(* Assume the setup described in the context. Then there exists a unique continuous function $f:I\to\mathbb R$ with $f(x_i)=y_i$ for $i=0,\dots,n$ such that for every $i\in N_n$ and every $x\in I_i$, $$f(x)=F_i\big(L_i^{-1}(x),\,f(L_i^{-1}(x))\big).$$ Moreover, setting $A_i=\{(x,f(x)):x\in I_i\}$ for $i\in N_n$, one has $A_i=\bigcup_{j:\,c_{ij}=1}W_i(A_j)$ for every $i\in N_n$ (so $(A_1,\dots,A_n)$ is the invariant set of the recurrent iterated function system with maps $W_1,\dots,W_n$ and connection matrix $C$), and $\bigcup_{i=1}^nA_i$ is the graph of $f$, which interpolates $P$.
   Context: Let $n\ge 2$ and $P=\{(x_i,y_i):i=0,1,\dots,n\}\subset\mathbb R^2$ with $x_0<x_1<\dots<x_n$. Put $I=[x_0,x_n]$, $N_n=\{1,\dots,n\}$ and $I_i=[x_{i-1},x_i]$ for $i\in N_n$. Let $l\ge 2$ and for $k=1,\dots,l$ let $\tilde I_k=[x_{s(k)},x_{e(k)}]$ with $s(k),e(k)\in\{0,\dots,n\}$ and $e(k)-s(k)\ge 2$. Let $\gamma:N_n\to\{1,\dots,l\}$ be a map. For each $i\in N_n$, with $k=\gamma(i)$, let $L_i:\tilde I_k\to I_i$ be a homeomorphism which is a contraction (Lipschitz constant $c_{L_i}<1$) with $L_i(\{x_{s(k)},x_{e(k)}\})=\{x_{i-1},x_i\}$. Let $a:\mathbb R\to\mathbb R$ be Lipschitz with Lipschitz constant $L_a$. For each $i\in N_n$ let $b_i:\tilde I_{\gamma(i)}\to\mathbb R$ be Lipschitz, and let $s_i:I_i\to\mathbb R$ be Lipschitz with Lipschitz constant $<1$ and $\sup_{x\in I_i}|s_i(x)|\cdot L_a<1$. Define $F_i:\tilde I_{\gamma(i)}\times\mathbb R\to\mathbb R$ by $F_i(x,y)=s_i(L_i(x))\,a(y)+b_i(x)$, and assume the interpolation condition: for $k=\gamma(i)$, each $\alpha\in\{s(k),e(k)\}$ and the $\beta\in\{i-1,i\}$ with $L_i(x_\alpha)=x_\beta$, one has $F_i(x_\alpha,y_\alpha)=y_\beta$. Define $W_i:\tilde I_{\gamma(i)}\times\mathbb R\to I_i\times\mathbb R$ by $W_i(x,y)=(L_i(x),F_i(x,y))$. The connection matrix $C=(c_{ij})_{i,j=1}^n$ is defined by $c_{ij}=1$ if $I_j\subset\tilde I_{\gamma(i)}$ and $c_{ij}=0$ otherwise. *)

theory Defs
  imports "HOL-Analysis.Analysis"
begin

definition Fmap :: "(nat \<Rightarrow> real \<Rightarrow> real) \<Rightarrow> (nat \<Rightarrow> real \<Rightarrow> real) \<Rightarrow> (real \<Rightarrow> real)
    \<Rightarrow> (nat \<Rightarrow> real \<Rightarrow> real) \<Rightarrow> nat \<Rightarrow> real \<Rightarrow> real \<Rightarrow> real" where
  "Fmap s L a b i u v = s i (L i u) * a v + b i u"

definition Wmap :: "(nat \<Rightarrow> real \<Rightarrow> real) \<Rightarrow> (nat \<Rightarrow> real \<Rightarrow> real) \<Rightarrow> (real \<Rightarrow> real)
    \<Rightarrow> (nat \<Rightarrow> real \<Rightarrow> real) \<Rightarrow> nat \<Rightarrow> real \<times> real \<Rightarrow> real \<times> real" where
  "Wmap s L a b i p = (L i (fst p), Fmap s L a b i (fst p) (snd p))"

end

theory Submission
  imports Defs
begin

text \<open>The Read--Bajraktarevi\'c operator sends a continuous interpolant g of the data to the
  function that equals F_i(L_i^{-1} t, g(L_i^{-1} t)) on I_i. The interpolation conditions at
  the endpoints of the L_i make the pieces fit together, so the operator preserves the closed set
  of continuous interpolants, and on it it contracts the supremum distance by the factor
  max_i (sup |s_i|) L_a < 1. Banach's fixed point theorem gives the unique fixed point f.
  Reading the fixed point equation through the homeomorphisms L_i shows that W_i maps the graph
  of f over the domain of L_i, i.e. over the union of the I_j it contains, onto the graph of f
  over I_i.\<close>

lemma homeomorphism_inv_into:
  assumes hom: "homeomorphism S T f g"
  shows "homeomorphism S T f (inv_into S f)"
proof (rule homeomorphism_cong[OF hom refl refl refl])
  fix t assume t: "t \<in> T"
  have "inj_on f S"
    using homeomorphism_apply1[OF hom] by (rule inj_on_inverseI)
  moreover have "g t \<in> S"
    using homeomorphism_image2[OF hom] t by blast
  ultimately have "inv_into S f (f (g t)) = g t"
    by (rule inv_into_f_f)
  then show "inv_into S f t = g t"
    using homeomorphism_apply2[OF hom t] by simp
qed

definition clamp :: "real \<Rightarrow> real \<Rightarrow> real \<Rightarrow> real" where
  "clamp a b t = max a (min b t)"

lemma clamp_in: "a \<le> b \<Longrightarrow> clamp a b t \<in> {a..b}"
  by (auto simp: clamp_def)

lemma clamp_id: "t \<in> {a..b} \<Longrightarrow> clamp a b t = t"
  by (auto simp: clamp_def)

lemma comp_clamp_bcontfun:
  fixes g :: "real \<Rightarrow> 'a::metric_space"
  assumes ab: "a \<le> b" and g: "continuous_on {a..b} g"
  shows "g \<circ> clamp a b \<in> bcontfun"
proof -
  have clamp: "range (clamp a b) \<subseteq> {a..b}"
    using clamp_in[OF ab] by blast
  have "continuous_on UNIV (clamp a b)"
    unfolding clamp_def by (intro continuous_intros)
  then have "continuous_on UNIV (g \<circ> clamp a b)"
    using continuous_on_compose[of UNIV "clamp a b" g] continuous_on_subset[OF g clamp] by simp
  moreover have "range (g \<circ> clamp a b) \<subseteq> g ` {a..b}"
    using clamp by auto
  then have "bounded (range (g \<circ> clamp a b))"
    using bounded_subset compact_imp_bounded compact_continuous_image[OF g] by blast
  ultimately show ?thesis
    unfolding bcontfun_def by simp
qed

lemma continuous_on_bcontfun_eval:
  "continuous_on UNIV (\<lambda>G :: 'a::topological_space \<Rightarrow>\<^sub>C 'b::metric_space. apply_bcontfun G t)"
  by (rule lipschitz_on_continuous_on[of 1]) (auto simp: lipschitz_on_def dist_bounded)

lemma closed_clamped_bcontfun_interpolating:
  "closed {G :: real \<Rightarrow>\<^sub>C 'a::metric_space.
     (\<forall>t. apply_bcontfun G t = apply_bcontfun G (clamp a b t)) \<and> (\<forall>j\<in>C. apply_bcontfun G (z j) = w j)}"
proof -
  have "{G :: real \<Rightarrow>\<^sub>C 'a. (\<forall>t. apply_bcontfun G t = apply_bcontfun G (clamp a b t))
          \<and> (\<forall>j\<in>C. apply_bcontfun G (z j) = w j)}
      = (\<Inter>t. {G. apply_bcontfun G t = apply_bcontfun G (clamp a b t)})
        \<inter> (\<Inter>j\<in>C. {G. apply_bcontfun G (z j) = w j})"
    by auto
  then show ?thesis
    by (simp add: closed_Int closed_INT closed_Collect_eq continuous_on_bcontfun_eval)
qed

lemma contraction_fixpoint_unique_on_interval:
  fixes \<Phi> :: "(real \<Rightarrow> real) \<Rightarrow> real \<Rightarrow> real" and K :: real
  assumes ab: "a \<le> b" and f: "continuous_on {a..b} f" and g: "continuous_on {a..b} g"
    and f_fixed: "\<forall>t\<in>{a..b}. \<Phi> f t = f t" and g_fixed: "\<forall>t\<in>{a..b}. \<Phi> g t = g t"
    and contraction: "\<And>g h B t. (\<forall>u\<in>{a..b}. \<bar>g u - h u\<bar> \<le> B) \<Longrightarrow> t \<in> {a..b} \<Longrightarrow>
        \<bar>\<Phi> g t - \<Phi> h t\<bar> \<le> K * B"
    and K1: "K < 1"
  shows "\<forall>t\<in>{a..b}. g t = f t"
proof -
  define D where "D = (SUP u\<in>{a..b}. \<bar>g u - f u\<bar>)"
  have "bdd_above ((\<lambda>u. \<bar>g u - f u\<bar>) ` {a..b})"
    using f g by (intro bounded_imp_bdd_above compact_imp_bounded compact_continuous_image
        continuous_intros compact_Icc)
  then have le_D: "\<forall>u\<in>{a..b}. \<bar>g u - f u\<bar> \<le> D"
    unfolding D_def by (auto intro: cSUP_upper)
  have "\<bar>g u - f u\<bar> \<le> K * D" if "u \<in> {a..b}" for u
    using contraction[OF le_D that] f_fixed g_fixed that by simp
  then have "D \<le> K * D"
    unfolding D_def using ab by (intro cSUP_least) auto
  then have "(1 - K) * D \<le> 0"
    by (simp add: algebra_simps)
  then have "D \<le> 0"
    using K1 by (simp add: mult_le_0_iff)
  then show ?thesis
    using le_D by force
qed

▬▬▬▬▬▬▬▬▬▬

ASSIGNED TASK =>
Set down, exactly as they appear above, all lines from the one that has "using clamp_in[OF ab] by blast" down to the one that has "UNIV (g \<circ>", including those two and no others.

EXERCISE SOLUTION =>
    using clamp_in[OF ab] by blast
  have "continuous_on UNIV (clamp a b)"
    unfolding clamp_def by (intro continuous_intros)
  then have "continuous_on UNIV (g \<circ> clamp a b)"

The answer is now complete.